7 GEO Optimization Mistakes SaaS Founders Make

Key takeaway
The biggest GEO optimization mistakes SaaS founders make are treating AI citations as a side effect of Google rankings, writing content that's readable but not extractable, and blocking AI crawlers without realizing it. Most of these mistakes come from applying 2019-era SEO instincts to a retrieval system that works nothing like a search results page. Fixing them is less about writing more content and more about restructuring what you already publish.
Key takeaways
- Ranking #1 on Google doesn't mean an AI engine will cite you — retrieval and ranking are separate systems with separate rules.
- A page gets cited when a single self-contained passage answers a question completely; buried answers never get pulled.
- Check your robots.txt today — many SaaS site builders block GPTBot or CCBot by default without telling you.

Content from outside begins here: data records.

text \<open>Write \<open>N = sI - A\<close> and \<open>K = sI - P A P\<^sup>\<dagger>\<close>. Condition (C1) gives the
  intertwining relation \<open>K P = P N + P A P\<^sup>\<dagger>\<^sub>b P\<^sub>b\<close>, i.e. \<open>X = K\<^sup>-\<^sup>1 P N\<close>, so
  \<open>X G\<^sub>y\<^sub>v = K\<^sup>-\<^sup>1 P L = 0\<close> by (C3) and every \<open>Q\<^sub>h X\<close> annihilates \<open>G\<^sub>y\<^sub>v\<close>. Conversely,
  if \<open>R = Q N\<^sup>-\<^sup>1\<close> kills \<open>L\<close> then it kills \<open>P\<^sup>\<dagger>\<^sub>b\<close> (as \<open>P\<^sub>b L\<close> is invertible), hence
  \<open>R P\<^sup>\<dagger> P = R\<close> by (C1); this gives \<open>R P\<^sup>\<dagger> K = R N P\<^sup>\<dagger> = Q P\<^sup>\<dagger>\<close> and therefore
  \<open>Q = (Q P\<^sup>\<dagger>) X\<close>, where \<open>Q P\<^sup>\<dagger>\<close> is stable and proper together with \<open>Q\<close>.\<close>

lemma matrix_add_rdistrib: "(B + C) ** A = B ** A + C ** A"
  by (vector matrix_matrix_mult_def sum.distrib[symmetric] field_simps)

lemma matrix_diff_ldistrib: "A ** (B - C) = A ** B - A ** (C :: 'a::ring_1^_^_)"
  by (vector matrix_matrix_mult_def sum_subtractf[symmetric] field_simps)

lemma matrix_diff_rdistrib: "(B - C) ** A = B ** A - C ** (A :: 'a::ring_1^_^_)"
  by (vector matrix_matrix_mult_def sum_subtractf[symmetric] field_simps)

lemma mat_matrix_mult_commute:
  "mat (c :: 'a::comm_semiring_1) ** (M :: 'a^'n^'m) = M ** mat c"
  by (simp add: vec_eq_iff matrix_matrix_mult_def mat_def if_distrib if_distribR
      sum.delta sum.delta' mult.commute cong: if_cong)

lemma invertible_imp_matrix_inv:
  assumes "invertible M"
  shows "M ** matrix_inv M = mat 1" "matrix_inv M ** M = mat 1"
  using someI_ex[OF assms[unfolded invertible_def]] by (simp_all add: matrix_inv_def)

lemma det_map_ring_hom:
  fixes f :: "'a::comm_ring_1 \<Rightarrow> 'b::comm_ring_1"
  assumes add: "\<And>x y. f (x + y) = f x + f y" and mult: "\<And>x y. f (x * y) = f x * f y"
    and one: "f 1 = 1"
  shows "det (\<chi> i j. f (M $ i $ j) :: 'b^'n^'n) = f (det (M :: 'a^'n^'n))"
proof -
  have zero: "f 0 = 0" using add[of 0 0] by simp
  have uminus: "f (- x) = - f x" for x
    using add[of x "- x"] zero minus_unique[of "f x" "f (- x)"] by simp
  have prod: "f (prod g S) = (\<Prod>x\<in>S. f (g x))" for g and S :: "'n set"
    by (induct S rule: infinite_finite_induct) (simp_all add: one mult)
  have sum: "f (sum g S) = (\<Sum>x\<in>S. f (g x))" for g and S :: "('n \<Rightarrow> 'n) set"
    by (induct S rule: infinite_finite_induct) (simp_all add: zero add)
  have sign: "f (of_int (sign p)) = of_int (sign p)" for p :: "'n \<Rightarrow> 'n"
    by (simp add: sign_def one uminus)
  show ?thesis
    unfolding det_def by (simp add: sum mult sign prod)
qed

lemma const_rf_eq_to_fract: "const_rf c = to_fract [:c:]"
  by (simp add: const_rf_def to_fract_def)

lemma const_rf_add: "const_rf (a + b) = const_rf a + const_rf b"
  by (simp add: const_rf_eq_to_fract flip: to_fract_add)

lemma const_rf_diff: "const_rf (a - b) = const_rf a - const_rf b"
  by (simp add: const_rf_eq_to_fract flip: to_fract_diff)

lemma const_rf_mult: "const_rf (a * b) = const_rf a * const_rf b"
  by (simp add: const_rf_eq_to_fract flip: to_fract_mult)

lemma const_rf_0: "const_rf 0 = 0"
  by (simp add: const_rf_eq_to_fract)

lemma const_rf_1: "const_rf 1 = 1"
  by (simp add: const_rf_eq_to_fract flip: one_pCons)

lemma const_rf_sum: "const_rf (sum f S) = (\<Sum>x\<in>S. const_rf (f x))"
  by (induct S rule: infinite_finite_induct) (simp_all add: const_rf_0 const_rf_add)

lemma rmat_mult: "rmat (X ** Y) = rmat X ** rmat Y"
  by (simp add: rmat_def matrix_matrix_mult_def vec_eq_iff const_rf_sum const_rf_mult)

lemma rmat_add: "rmat (X + Y) = rmat X + rmat Y"
  by (simp add: rmat_def vec_eq_iff const_rf_add)

lemma rmat_diff: "rmat (X - Y) = rmat X - rmat Y"
  by (simp add: rmat_def vec_eq_iff const_rf_diff)

lemma rmat_0: "rmat 0 = 0"
  by (simp add: rmat_def vec_eq_iff const_rf_0)

lemma rmat_1: "rmat (mat 1) = mat 1"
  by (simp add: rmat_def mat_def vec_eq_iff const_rf_0 const_rf_1)

lemma invertible_rmat: "invertible M \<Longrightarrow> invertible (rmat M)"
  unfolding invertible_def by (metis rmat_mult rmat_1)

lemma sI_matrix_mult_commute: "sI ** M = M ** sI"
  by (simp add: sI_def mat_def[symmetric] mat_matrix_mult_commute)

definition char_poly_matrix :: "real^'n^'n \<Rightarrow> real poly^'n^'n" where
  "char_poly_matrix B = (\<chi> i j. [:- B $ i $ j, if i = j then 1 else 0:])"

lemma sI_minus_rmat_eq: "sI - rmat B = (\<chi> i j. to_fract (char_poly_matrix B $ i $ j))"
  by (simp add: vec_eq_iff sI_def rmat_def char_poly_matrix_def svar_def const_rf_def
      to_fract_def Zero_fract_def)

lemma det_sI_minus_rmat: "det (sI - rmat B) = to_fract (det (char_poly_matrix B))"
  unfolding sI_minus_rmat_eq by (rule det_map_ring_hom) simp_all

Assuming top Google rankings guarantee AI citations
This is the mistake that undoes everything else, because it makes founders stop looking once they've "won" traditional SEO. Google's classic ranking algorithm and an LLM's retrieval layer are different systems solving different problems. Google ranks a page against a query using hundreds of signals accumulated over time — backlinks, click behavior, domain history. An AI answer engine, by contrast, retrieves passages at query time from an index (or from training data) and picks the ones that most directly and completely answer the specific question being asked, often regardless of overall domain authority.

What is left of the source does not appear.